Thursday Morning Staff Meeting – Gothic Panopticons


Ron Silliman muses about the various California poetry ‘scenes.’

The link between historic preservation and deranged, gothic panopticons.

Terry Eagleton interviewed.

Lawrence Durrell, Postmodernist?


That’s what this article claims.

I didn’t realize that 2012 was the centenary of Durrell’s birth, but I will certainly honor it. He was a big influence on me for a while, but I have trouble see him as being anything but very much tied to his time, partly because he will always be linked in my mind with Henry Miller. But also, his experimentalism seems very much of a time with his contemporaries.
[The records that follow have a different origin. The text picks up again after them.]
(* Let $\mathcal{C}$ be an essentially small symmetric monoidal category with images, which is concrete with concrete images. Suppose $F\in\mathsf{Pmod}(\mathcal{C})$ is $S=\{s_1<\cdots<s_n\}$-constructible and let $\rho=\frac14\min_{1<i\le n}(s_i-s_{i-1})$. Then for any $G\in\mathsf{Pmod}(\mathcal{C})$ with $\varepsilon=d_I(F,G)<\rho$, there is a morphism $\nabla^\varepsilon(F_A)\to G_A$ in $\mathsf{PDgm}(A(\mathcal{C}))$.
   Context: $(\mathcal{C},\Box)$ is an essentially small symmetric monoidal category with unit object $e$. "With images": every morphism $f:a\to b$ factors as $f=h\circ g$ with $h:z\to b$ a monomorphism, universally among such factorizations; $\operatorname{im} f$ denotes $z$. "Concrete with concrete images": $\mathcal{C}$ embeds into $\mathsf{Set}$ and the image of a morphism corresponds to the set-theoretic image. A persistence module is a functor $F:(\mathbb{R},\le)\to\mathcal{C}$. For finite $S=\{s_1<\dots<s_n\}$, $F$ is $S$-constructible if $F(p\le q)$ is the identity on $e$ for $p\le q<s_1$, an isomorphism for $s_i\le p\le q<s_{i+1}$, and an isomorphism for $s_n\le p\le q$. $\mathsf{Pmod}(\mathcal{C})$ is the category of constructible persistence modules (constructible w.r.t. some finite $S$) and natural transformations. Interleaving distance: for $\varepsilon\in\mathbb{R}$, $\Delta^\varepsilon(F)=F\circ\mathsf{Shift}^\varepsilon$ where $\mathsf{Shift}^\varepsilon(r)=r+\varepsilon$; for $\varepsilon\ge0$, $\sigma^\varepsilon_F:F\to\Delta^\varepsilon F$ has components $F(r\le r+\varepsilon)$. $F,G$ are $\varepsilon$-interleaved if there are morphisms $\phi:F\to\Delta^\varepsilon G$, $\psi:G\to\Delta^\varepsilon F$ with $\Delta^\varepsilon(\psi)\circ\phi=\sigma^{2\varepsilon}_F$ and $\Delta^\varepsilon(\phi)\circ\psi=\sigma^{2\varepsilon}_G$. $d_I(F,G)$ is the minimum $\varepsilon\ge0$ for which they are $\varepsilon$-interleaved ($\infty$ if none). $\mathsf{Dgm}$ is the poset of intervals $[q,r)$, $q<r$, and $[q,\infty)$, ordered by containment. $I(\mathcal{C})$ is the commutative monoid of isomorphism classes under $[a]+[b]=[a\Box b]$, $A(\mathcal{C})$ its group completion, with partial order $x\preceq y$ iff $y-x\in I(\mathcal{C})$ (translation invariant). A persistence diagram valued in $A(\mathcal{C})$ is a map $Y:\mathsf{Dgm}\to A(\mathcal{C})$ that is nonzero only on intervals $[t_i,t_j)$, $[t_i,\infty)$ for some finite set $\{t_1<\dots<t_m\}$. $\mathsf{PDgm}(A(\mathcal{C}))$ is the poset of such diagrams where there is a morphism $Y_1\to Y_2$ iff $\sum_{J\supseteq I}Y_1(J)\preceq\sum_{J\supseteq I}Y_2(J)$ for every $I\in\mathsf{Dgm}$ with $Y_1(I)\neq 0$. For $\varepsilon\ge0$, $\mathsf{Grow}^\varepsilon$ sends $[p,q)\mapsto[p-\varepsilon,q+\varepsilon)$, $[p,\infty)\mapsto[p-\varepsilon,\infty)$, and $\nabla^\varepsilon(Y)=Y\circ\mathsf{Grow}^\varepsilon$. Type $A$ diagram: for $F$ $S$-constructible, define $dF_A:\mathsf{Dgm}\to A(\mathcal{C})$ by $dF_A([p,s_i))=[\operatorname{im}F(p\le s_i-\delta)]$ for any $\delta>0$ with $\max(p,s_{i-1})\le s_i-\delta$ ($s_0=-\infty$); $dF_A([p,\infty))=[\operatorname{im}F(p\le s')]$ for any $s'>\max(p,s_n)$; $dF_A([p,q))=[\operatorname{im}F(p\le q)]$ for all other intervals (independent of choices). $F_A$ is its Möbius inversion: $F_A([s_i,s_j))=dF_A([s_i,s_j))-dF_A([s_i,s_{j+1}))+dF_A([s_{i-1},s_{j+1}))-dF_A([s_{i-1},s_j))$, $F_A([s_i,\infty))=dF_A([s_i,\infty))-dF_A([s_{i-1},\infty))$ ($s_0$ any value $<s_1$, $s_{n+1}$ any value $>s_n$), and $F_A(I)=0$ otherwise; it satisfies $dF_A(I)=\sum_{J\supseteq I}F_A(J)$. *)

theory Defs
  imports Complex_Main "HOL-Library.Extended_Real" "HOL-Algebra.FiniteProduct"
begin

text \<open>A (small) category whose objects are all elements of type 'o and whose morphisms
  are all elements of type 'm.  ccomp g f is g after f, meaningful when ccod f = cdom g.\<close>

record ('o, 'm) smcat =
  cdom :: "'m \<Rightarrow> 'o"
  ccod :: "'m \<Rightarrow> 'o"
  ccomp :: "'m \<Rightarrow> 'm \<Rightarrow> 'm"
  cid :: "'o \<Rightarrow> 'm"
  ctens :: "'o \<Rightarrow> 'o \<Rightarrow> 'o"
  ctensm :: "'m \<Rightarrow> 'm \<Rightarrow> 'm"
  cunit :: "'o"
  cassoc :: "'o \<Rightarrow> 'o \<Rightarrow> 'o \<Rightarrow> 'm"
  clunit :: "'o \<Rightarrow> 'm"
  crunit :: "'o \<Rightarrow> 'm"
  cbraid :: "'o \<Rightarrow> 'o \<Rightarrow> 'm"

definition is_category :: "('o,'m) smcat \<Rightarrow> bool" where
  "is_category C \<longleftrightarrow>
     (\<forall>a. cdom C (cid C a) = a \<and> ccod C (cid C a) = a) \<and>
     (\<forall>f g. ccod C f = cdom C g \<longrightarrow>
        cdom C (ccomp C g f) = cdom C f \<and> ccod C (ccomp C g f) = ccod C g) \<and>
     (\<forall>f. ccomp C f (cid C (cdom C f)) = f \<and> ccomp C (cid C (ccod C f)) f = f) \<and>
     (\<forall>f g h. ccod C f = cdom C g \<longrightarrow> ccod C g = cdom C h \<longrightarrow>
        ccomp C h (ccomp C g f) = ccomp C (ccomp C h g) f)"

definition is_iso :: "('o,'m) smcat \<Rightarrow> 'm \<Rightarrow> bool" where
  "is_iso C f \<longleftrightarrow> (\<exists>g. cdom C g = ccod C f \<and> ccod C g = cdom C f \<and>
      ccomp C g f = cid C (cdom C f) \<and> ccomp C f g = cid C (ccod C f))"

definition is_mono :: "('o,'m) smcat \<Rightarrow> 'm \<Rightarrow> bool" where
  "is_mono C f \<longleftrightarrow> (\<forall>g h. ccod C g = cdom C f \<longrightarrow> ccod C h = cdom C f \<longrightarrow>
      cdom C g = cdom C h \<longrightarrow> ccomp C f g = ccomp C f h \<longrightarrow> g = h)"

definition iso_obj :: "('o,'m) smcat \<Rightarrow> 'o \<Rightarrow> 'o \<Rightarrow> bool" where
  "iso_obj C a b \<longleftrightarrow> (\<exists>f. cdom C f = a \<and> ccod C f = b \<and> is_iso C f)"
And the ‘globalism’ of his Alexandria was the globalism of the Mediterranean, which had always been multinational because of the relative ease of sailing its calm (compared to the nearby Atlantic) waters. It was global when Alexandria still had its library.

Thursday Morning Staff Meeting – You Could Learn A Lot From A Funeral


Has the Higgs Boson been found after all? And not due to faulty wiring this time?
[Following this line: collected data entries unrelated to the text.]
lemma measure_eqI_Times_atMost:
  fixes M N :: "('a::second_countable_topology \<times> real) measure"
  assumes sets: "sets M = sets borel" "sets N = sets borel" and "finite_measure M"
    and eq: "\<And>A t. A \<in> sets borel \<Longrightarrow> emeasure M (A \<times> {..t}) = emeasure N (A \<times> {..t})"
  shows "M = N"
proof (rule measure_eqI_generator_eq)
  let ?E = "{A \<times> B | A B. A \<in> sets (borel :: 'a measure) \<and> B \<in> range (atMost :: real \<Rightarrow> _)}"
  show "Int_stable ?E"
  proof (rule Int_stableI)
    fix X Y :: "('a \<times> real) set" assume "X \<in> ?E" "Y \<in> ?E"
    then obtain A B s t where "X = A \<times> {..s}" "Y = B \<times> {..t}" "A \<in> sets borel" "B \<in> sets borel"
      by auto
    then show "X \<inter> Y \<in> ?E"
      by (intro CollectI exI[of _ "A \<inter> B"] exI[of _ "{..min s t}"]) auto
  qed
  show "?E \<subseteq> Pow UNIV" by simp
  have "sets (borel :: ('a \<times> real) measure) = sigma_sets UNIV ?E"
    unfolding borel_prod[symmetric]
    by (subst sets_pair_eq[of "sets borel" _ "{UNIV}" "range atMost" _ "range (\<lambda>n::nat. {..real n})"])
       (auto simp: borel_eq_atMost real_arch_simple sets.sigma_sets_eq[of borel, simplified])
  then show "sets M = sigma_sets UNIV ?E" "sets N = sigma_sets UNIV ?E"
    using sets by simp_all
  have "UNIV \<times> {..real n} \<in> ?E" for n
    by (intro CollectI exI conjI refl) auto
  then show "range (\<lambda>n::nat. UNIV \<times> {..real n}) \<subseteq> ?E"
    by auto
  show "(\<Union>n. UNIV \<times> {..real n}) = UNIV"
    by (auto intro: real_arch_simple)
  show "emeasure M (UNIV \<times> {..real n}) \<noteq> \<infinity>" for n
    using \<open>finite_measure M\<close> by (simp add: finite_measure.emeasure_finite)
  show "X \<in> ?E \<Longrightarrow> emeasure M X = emeasure N X" for X
    using eq by auto
qed

section \<open>Images of the uniform distribution on the unit interval\<close>

instance prod :: (polish_space, polish_space) polish_space ..

abbreviation uniform01 :: "real measure" where
  "uniform01 \<equiv> restrict_space lborel {0<..<1}"

lemma prob_space_uniform01: "prob_space uniform01"
  by (auto simp: emeasure_restrict_space space_restrict_space intro!: prob_spaceI)

lemma measurable_uniform01: "f \<in> borel \<rightarrow>\<^sub>M M \<Longrightarrow> f \<in> uniform01 \<rightarrow>\<^sub>M M"
  by (rule measurable_restrict_space1) simp

lemma emeasure_uniform01_atMost:
  assumes "c \<in> {0..1}"
  shows "emeasure uniform01 ({0<..<1} \<inter> {..c}) = ennreal c"
proof -
  have "{0<..<1} \<inter> {..c} = (if c < 1 then {0<..c} else {0<..<1::real})"
    using assms by auto
  then have "emeasure lborel ({0<..<1} \<inter> {..c}) = ennreal c"
    using assms by simp
  moreover have "emeasure uniform01 ({0<..<1} \<inter> {..c}) = emeasure lborel ({0<..<1} \<inter> {..c})"
    by (rule emeasure_restrict_space) auto
  ultimately show ?thesis
    by simp
qed

lemma measurable_ident_pair_borel:
  assumes "(\<lambda>x. x) \<in> M \<rightarrow>\<^sub>M borel" "(\<lambda>x. x) \<in> N \<rightarrow>\<^sub>M borel"
  shows "(\<lambda>z. z) \<in> M \<Otimes>\<^sub>M N \<rightarrow>\<^sub>M (borel :: ('a::second_countable_topology \<times> 'b::second_countable_topology) measure)"
  using borel_measurable_Pair[OF measurable_compose[OF measurable_fst assms(1)]
      measurable_compose[OF measurable_snd assms(2)]]
  by simp

lemma measurable_pair_uniform01:
  fixes f :: "'a::second_countable_topology \<times> real \<Rightarrow> 'b"
  assumes "sets \<mu> = sets borel" "f \<in> borel \<rightarrow>\<^sub>M N"
  shows "f \<in> \<mu> \<Otimes>\<^sub>M uniform01 \<rightarrow>\<^sub>M N"
  by (rule measurable_compose[OF measurable_ident_pair_borel assms(2)])
     (simp_all add: measurable_ident_sets[OF assms(1)] measurable_uniform01)

lemma polish_distr_uniform01:
  fixes P :: "'a::polish_space measure"
  assumes sets_P: "sets P = sets borel" and "prob_space P"
  obtains f :: "real \<Rightarrow> 'a" where "f \<in> borel_measurable borel" "distr uniform01 borel f = P"
proof -
  interpret P: prob_space P by fact
  obtain e :: "'a \<Rightarrow> real" and g where e: "e \<in> borel_measurable borel"
    and g: "g \<in> borel_measurable borel" and g_e: "\<And>x. g (e x) = x"
    by (metis polish_borel_embedding)
  have e_P: "e \<in> borel_measurable P"
    using e by (subst measurable_cong_sets[OF sets_P refl])
  have "cdf_distribution (distr P borel e)"
    unfolding cdf_distribution_def real_distribution_def real_distribution_axioms_def
    using P.prob_space_distr[OF e_P] by simp
  then interpret C: cdf_distribution "distr P borel e" .
  define J where "J t = (if t \<in> {0<..<1} then C.I t else 0)" for t
  have J: "J \<in> borel_measurable borel"
    using C.measurable_CI unfolding J_def by (subst (asm) measurable_restrict_space_iff) auto
  have "distr uniform01 borel J = distr P borel e"
    by (subst C.distr_I_eq_M[symmetric]) (auto intro!: distr_cong simp: J_def space_restrict_space)
  then have "distr uniform01 borel (g \<circ> J) = distr (distr P borel e) borel g"
    by (simp add: distr_distr[OF g measurable_uniform01[OF J], symmetric])
  also have "\<dots> = distr P borel (\<lambda>x. x)"
    by (simp add: distr_distr[OF g e_P] comp_def g_e)
  also have "\<dots> = P"
    using sets_P by (simp add: distr_id2)
  finally show thesis
    using that[of "g \<circ> J"] J g by (simp add: measurable_comp)
qed

lemma sample_pair_uniform01:
  fixes \<mu> :: "'a::polish_space measure"
  assumes sets_\<mu>: "sets \<mu> = sets borel" and "prob_space \<mu>"
  obtains T :: "real \<Rightarrow> 'a \<times> real" where "T \<in> borel_measurable borel"
    "\<And>f :: 'a \<times> real \<Rightarrow> 'b. f \<in> borel \<rightarrow>\<^sub>M N \<Longrightarrow>
      distr uniform01 N (f \<circ> T) = distr (\<mu> \<Otimes>\<^sub>M uniform01) N f"
proof -
  have id_meas: "(\<lambda>z. z) \<in> \<mu> \<Otimes>\<^sub>M uniform01 \<rightarrow>\<^sub>M borel"
    by (rule measurable_pair_uniform01[OF sets_\<mu>]) simp
  have "prob_space (distr (\<mu> \<Otimes>\<^sub>M uniform01) borel (\<lambda>z. z))"
    by (intro prob_space.prob_space_distr prob_space_pair prob_space_uniform01 id_meas \<open>prob_space \<mu>\<close>)
  moreover have "sets (distr (\<mu> \<Otimes>\<^sub>M uniform01) borel (\<lambda>z. z)) = sets borel"
    by simp
  ultimately obtain T :: "real \<Rightarrow> 'a \<times> real" where T_meas: "T \<in> borel_measurable borel"
    and T: "distr uniform01 borel T = distr (\<mu> \<Otimes>\<^sub>M uniform01) borel (\<lambda>z. z)"
    using polish_distr_uniform01 by metis
  show thesis
  proof (rule that[OF T_meas])
    fix f :: "'a \<times> real \<Rightarrow> 'b" assume "f \<in> borel \<rightarrow>\<^sub>M N"
    then have "distr uniform01 N (f \<circ> T) = distr (distr uniform01 borel T) N f"
      by (rule distr_distr[symmetric, OF _ measurable_uniform01[OF T_meas]])
    also have "\<dots> = distr (distr (\<mu> \<Otimes>\<^sub>M uniform01) borel (\<lambda>z. z)) N f"
      by (simp only: T)
    also have "\<dots> = distr (\<mu> \<Otimes>\<^sub>M uniform01) N f"
      using distr_distr[OF \<open>f \<in> borel \<rightarrow>\<^sub>M N\<close> id_meas] by (simp add: comp_def)
    finally show "distr uniform01 N (f \<circ> T) = distr (\<mu> \<Otimes>\<^sub>M uniform01) N f" .
  qed
qed

section \<open>Distribution functions given on the rationals\<close>

definition dyadic_above :: "nat \<Rightarrow> real \<Rightarrow> real" where
  "dyadic_above k t = (\<lfloor>t * 2 ^ k\<rfloor> + 1) / 2 ^ k"

lemma dyadic_above_Rats: "dyadic_above k t \<in> \<rat>"
  unfolding dyadic_above_def by (intro Rats_divide Rats_add Rats_of_int Rats_power) auto

lemma less_dyadic_above: "t < dyadic_above k t"
  unfolding dyadic_above_def by (simp add: field_simps) linarith

lemma dyadic_above_le: "dyadic_above k t \<le> t + (1/2) ^ k"
  unfolding dyadic_above_def by (simp add: field_simps power_divide)

lemma dyadic_above_Suc_le: "dyadic_above (Suc k) t \<le> dyadic_above k t"
proof -
  have "\<lfloor>t * 2 ^ Suc k\<rfloor> \<le> 2 * \<lfloor>t * 2 ^ k\<rfloor> + 1"
    by simp linarith
  then have "real_of_int \<lfloor>t * 2 ^ Suc k\<rfloor> \<le> of_int (2 * \<lfloor>t * 2 ^ k\<rfloor> + 1)"
    by (simp only: of_int_le_iff)
  then have "(\<lfloor>t * 2 ^ Suc k\<rfloor> + 1) / 2 / 2 ^ k \<le> (\<lfloor>t * 2 ^ k\<rfloor> + 1) / (2::real) ^ k"
    by (intro divide_right_mono) auto
  then show ?thesis
    unfolding dyadic_above_def by (simp add: divide_divide_eq_left mult.commute)
qed

lemma eventually_dyadic_above_less:
  assumes "t < q"
  shows "eventually (\<lambda>k. dyadic_above k t < q) sequentially"
proof -
  obtain K where K: "(1/2::real) ^ K < q - t"
    using real_arch_pow_inv[of "q - t" "1/2"] assms by auto
  have "dyadic_above k t < q" if "K \<le> k" for k
  proof -
    have "(1/2::real) ^ k \<le> (1/2) ^ K"
      using that by (simp add: power_decreasing)
    then show ?thesis
      using dyadic_above_le[of k t] K by linarith
  qed
  then show ?thesis
    unfolding eventually_sequentially by blast
qed

lemma INT_atMost_dyadic_above: "(\<Inter>k. {..dyadic_above k t}) = {..t}"
proof (intro equalityI subsetI)
  fix s assume s: "s \<in> (\<Inter>k. {..dyadic_above k t})"
  show "s \<in> {..t}"
  proof (rule ccontr)
    assume "s \<notin> {..t}"
    then obtain k where "dyadic_above k t < s"
      using eventually_dyadic_above_less[of t s] by (metis atMost_iff eventually_sequentially not_le order_refl)
    moreover have "s \<le> dyadic_above k t"
      using s by blast
    ultimately show False
      by simp
  qed
qed (auto intro: less_imp_le less_dyadic_above order_trans)

lemma Rats_greater_ne: "{q\<in>\<rat>. (t::real) < q} \<noteq> {}"
  using Rats_dense_in_real[of t "t + 1"] by auto

locale rat_cdf =
  fixes F :: "real \<Rightarrow> real"
  assumes mono: "\<And>q q'. q \<in> \<rat> \<Longrightarrow> q' \<in> \<rat> \<Longrightarrow> q \<le> q' \<Longrightarrow> F q \<le> F q'"
    and zero: "\<And>q. q \<in> \<rat> \<Longrightarrow> q < 0 \<Longrightarrow> F q = 0"
    and one: "\<And>q. q \<in> \<rat> \<Longrightarrow> 1 \<le> q \<Longrightarrow> F q = 1"
begin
What Mitt Romney doesn’t get about the economy – if it’s only about money, our souls get lost.

Poetry captures the rhythm of Los Angeles.
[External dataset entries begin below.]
(* Let $X$ be a collectionwise normal space and $\mathcal{U}$ an open cover of $X$. If there is a sequence $(\mathcal{U}_n)_{n\ge1}$ of open covers of $X$ such that for every $U\in\mathcal{U}$ and every $x\in U$ there is $n\ge1$ with $st(x,\mathcal{U}_n)\subset U$, then $X$ admits a $\mathcal{U}$-small partition of unity.
   Context: $st(x,\mathcal{W})=\bigcup\{W\in\mathcal{W}:x\in W\}$. Collectionwise normal means $T_1$ and every discrete family of closed sets $\{A_s\}$ admits a discrete family of open sets $\{U_s\}$ with $A_s\subset U_s$ (a family is discrete if each point has a neighborhood meeting at most one member). A partition of unity on $X$ indexed by a nonempty set $S$ is a family $\{f_s\}_{s\in S}$ of functions $f_s:X\to[0,1]$ with $\sum_s f_s(x)=1$ for all $x$, such that the induced map $X\to l_1(S)$ is continuous for the $l_1$-norm; it is $\mathcal{U}$-small if each carrier $f_s^{-1}((0,1])$ lies in some element of $\mathcal{U}$. *)

theory Defs
  imports "HOL-Analysis.Analysis"
begin

definition st :: "'a \<Rightarrow> 'a set set \<Rightarrow> 'a set" where
  "st x \<W> = \<Union>{W \<in> \<W>. x \<in> W}"

definition discrete_family :: "'a::topological_space set set \<Rightarrow> bool" where
  "discrete_family \<A> \<longleftrightarrow>
     (\<forall>x. \<exists>V. open V \<and> x \<in> V \<and>
        (\<forall>A\<in>\<A>. \<forall>B\<in>\<A>. V \<inter> A \<noteq> {} \<and> V \<inter> B \<noteq> {} \<longrightarrow> A = B))"

definition discrete_indexed :: "'i set \<Rightarrow> ('i \<Rightarrow> 'a::topological_space set) \<Rightarrow> bool" where
  "discrete_indexed I U \<longleftrightarrow>
     (\<forall>x. \<exists>V. open V \<and> x \<in> V \<and>
        (\<forall>i\<in>I. \<forall>j\<in>I. V \<inter> U i \<noteq> {} \<and> V \<inter> U j \<noteq> {} \<longrightarrow> i = j))"

definition collectionwise_normal :: "'a::topological_space itself \<Rightarrow> bool" where
  "collectionwise_normal _ \<longleftrightarrow>
     (\<forall>x y::'a. x \<noteq> y \<longrightarrow> (\<exists>U. open U \<and> x \<in> U \<and> y \<notin> U)) \<and>
     (\<forall>\<A>::'a set set. (\<forall>A\<in>\<A>. closed A) \<and> discrete_family \<A> \<longrightarrow>
        (\<exists>U::'a set \<Rightarrow> 'a set. (\<forall>A\<in>\<A>. open (U A) \<and> A \<subseteq> U A) \<and> discrete_indexed \<A> U))"

definition open_cover :: "'a::topological_space set set \<Rightarrow> bool" where
  "open_cover \<U> \<longleftrightarrow> (\<forall>U\<in>\<U>. open U) \<and> \<Union>\<U> = UNIV"

text \<open>Partition of unity indexed by S: values in [0,1], pointwise sum 1, and the induced
  map X \<rightarrow> l1(S) continuous for the l1 norm.\<close>
definition partition_of_unity :: "'s set \<Rightarrow> ('s \<Rightarrow> 'a::topological_space \<Rightarrow> real) \<Rightarrow> bool" where
  "partition_of_unity S f \<longleftrightarrow>
     S \<noteq> {} \<and>
     (\<forall>s\<in>S. \<forall>x. 0 \<le> f s x \<and> f s x \<le> 1) \<and>
     (\<forall>x. ((\<lambda>s. f s x) has_sum 1) S) \<and>
     (\<forall>x. \<forall>e>0. \<exists>V. open V \<and> x \<in> V \<and>
        (\<forall>y\<in>V. infsum (\<lambda>s. \<bar>f s y - f s x\<bar>) S < e))"

definition small_partition :: "'a::topological_space set set \<Rightarrow> 's set \<Rightarrow> ('s \<Rightarrow> 'a \<Rightarrow> real) \<Rightarrow> bool" where
  "small_partition \<U> S f \<longleftrightarrow> (\<forall>s\<in>S. \<exists>U\<in>\<U>. {x. f s x \<in> {0<..1}} \<subseteq> U)"

end

theory Submission
  imports Defs
begin

text \<open>Well-order \<open>\<U>\<close>. For each \<open>n\<close> the points whose \<open>\<V> n\<close>-star lies in \<open>U\<close>, minus the
  earlier members of \<open>\<U>\<close>, form a discrete family of closed sets \<open>A n U \<subseteq> U\<close>, and these
  cover the space as \<open>n\<close> varies. Collectionwise normality expands each family to a discrete
  family of open subsets of the members of \<open>\<U>\<close>; Urysohn functions \<open>g n U\<close> supported there
  are, near every point, nonzero for at most one \<open>U\<close>, so they are continuous into \<open>l\<^sub>1(\<U>)\<close>.
  The sums \<open>h U = \<Sum>n. 2\<^sup>-\<^sup>n g n U\<close> are still \<open>l\<^sub>1\<close>-continuous, have bounded total mass
  and are positive somewhere at every point, and normalising them gives the partition of unity.\<close>

section \<open>Finite sums and geometric series\<close>

lemma nonneg_finite_sums_le_summable_on:
  fixes \<phi> :: "'s \<Rightarrow> real"
  assumes "\<And>s. s \<in> S \<Longrightarrow> 0 \<le> \<phi> s"
    and "\<And>F. finite F \<Longrightarrow> F \<subseteq> S \<Longrightarrow> sum \<phi> F \<le> B"
  shows "\<phi> summable_on S" and "infsum \<phi> S \<le> B"
proof -
  show sum: "\<phi> summable_on S"
    by (rule nonneg_bdd_above_summable_on) (use assms in \<open>auto simp: bdd_above_def\<close>)
  show "infsum \<phi> S \<le> B"
    by (rule infsum_le_finite_sums[OF sum assms(2)])
qed

lemma abs_infsum_diff_le:
  fixes a b :: "'s \<Rightarrow> real"
  assumes "a summable_on S" "b summable_on S"
    and "\<And>F. finite F \<Longrightarrow> F \<subseteq> S \<Longrightarrow> (\<Sum>s\<in>F. \<bar>a s - b s\<bar>) \<le> \<delta>"
  shows "\<bar>infsum a S - infsum b S\<bar> \<le> \<delta>"
proof -
  define d where "d s = \<bar>a s - b s\<bar>" for s
  have d: "d summable_on S" "infsum d S \<le> \<delta>"
    using nonneg_finite_sums_le_summable_on[of S d \<delta>] assms(3) by (auto simp: d_def)
  have "infsum a S \<le> infsum (\<lambda>s. b s + d s) S" "infsum b S \<le> infsum (\<lambda>s. a s + d s) S"
    by (intro infsum_mono summable_on_add assms d; simp add: d_def)+
  then show ?thesis
    using d(2) by (simp add: infsum_add assms(1,2) d(1))
qed

lemma sum_le_if_at_most_one_nonzero:
  fixes \<phi> :: "'s \<Rightarrow> real"
  assumes "finite F" "0 \<le> c"
    and "\<And>s t. s \<in> F \<Longrightarrow> t \<in> F \<Longrightarrow> \<phi> s \<noteq> 0 \<Longrightarrow> \<phi> t \<noteq> 0 \<Longrightarrow> s = t"
    and "\<And>s. s \<in> F \<Longrightarrow> \<phi> s \<le> c"
  shows "sum \<phi> F \<le> c"
proof (cases "\<exists>s\<in>F. \<phi> s \<noteq> 0")
  case True
  then obtain s where s: "s \<in> F" "\<phi> s \<noteq> 0" by blast
  have "sum \<phi> F = \<phi> s + sum \<phi> (F - {s})"
    using assms(1) s(1) by (rule sum.remove)
  also have "sum \<phi> (F - {s}) = 0"
    using assms(3) s by (intro sum.neutral) blast
  finally have "sum \<phi> F = \<phi> s" by simp
  then show ?thesis using assms(4) s(1) by simp
next
  case False
  then show ?thesis using assms(2) by simp
qed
We could learn from Pericles.

American children could stand to be taught poetry at young age, too.

This Is Simply Wrong


The Devils Backbone Brewery has a beer called ‘Belgian Congo Pale Ale.’

I don’t know if this is a new beer or if it’s been in my grocery stores for years and I just didn’t notice.

But, it’s quite simply offensive.

The Belgian Congo was the scene of some of the worst and most depraved and shameful excesses of western colonialism in Africa. Quite simply, it was a horror show of genocide and slavery.

‘Pale’ northern Europeans came into the Congo and raped the land and its people (in many cases, quite literally raped).

Unless there is some political message I’ve missed (and please let me know if I have missed one), Devils Backbone has needlessly honored a terrible time in history and a crime against humanity.

Happy Juneteenth


It’s Juneteenth, the day in 1865 when the last U.S. was officially freed (though not to say that the goal of freedom was accomplished, even today).

Tour de France


I have a friend who is your classic blunt speaking, book reading, cigarette smoking, semi-alcoholic Frenchwoman.

I forget how the topic came up, but back in 2006, she indicated that she took it as a matter of simple fact that, yes, of course Lance Armstrong doped. Apparently, in France, this is taken for granted.

And yeah, the evidence is mounting. I don’t believe it, but I am sufficiently self aware to know that the reason I don’t believe it is because I don’t want to believe it.

I caught a glimpse of him racing by in Paris in 2008 on the final day of his first win. But it wasn’t until 2002 that I actually started watching the Tour de France.

I was in Council Bluffs, Iowa, spending the night in the home of a Democratic candidate for state house (he eventually switched parties, which pissed me off, because I really liked the guy). There was a tv above the bed and I turned it on and scrolled through the channels before happening on the Tour de France.

It was a mountain stage and I completely transfixed.

Laurent ‘Jaja’ Jalabert won that stage. It was a very aggressive day, with frequent attacks – frequent enough that a beginner could see how tactics and strategy played into the stages.

But Jalabert didn’t win by strategy so much as guts and desperation. He was thirty-four years old and this was to be his last Tour de France, so he put everything into winning that Pyrenees stage. He attacked and pulled in front and just gutted it out until the end.

I was hooked.

Armstrong may have doped, but I don’t want to believe it, because I don’t want that magic night tainted.

Nixonian History


Recently, this article in the Atlantic cast doubt on the reporting of Bob Woodward and Carl Bernstein on the Watergate break-in and subsequent cover up.

Well, that duo has penned a response.

The short version: ‘Are people seriously giving credence to the idea that Nixon wasn’t a corrupt criminal?’

Longer version: ‘When we wrote our most celebrated pieces, we did not have all the facts and certainly made some mistakes, but there’s little doubt that series of crimes against the Constitution, the law, and our Democracy were committed at the direct orders of President Nixon, so take your Atlantic piece and  shove it.’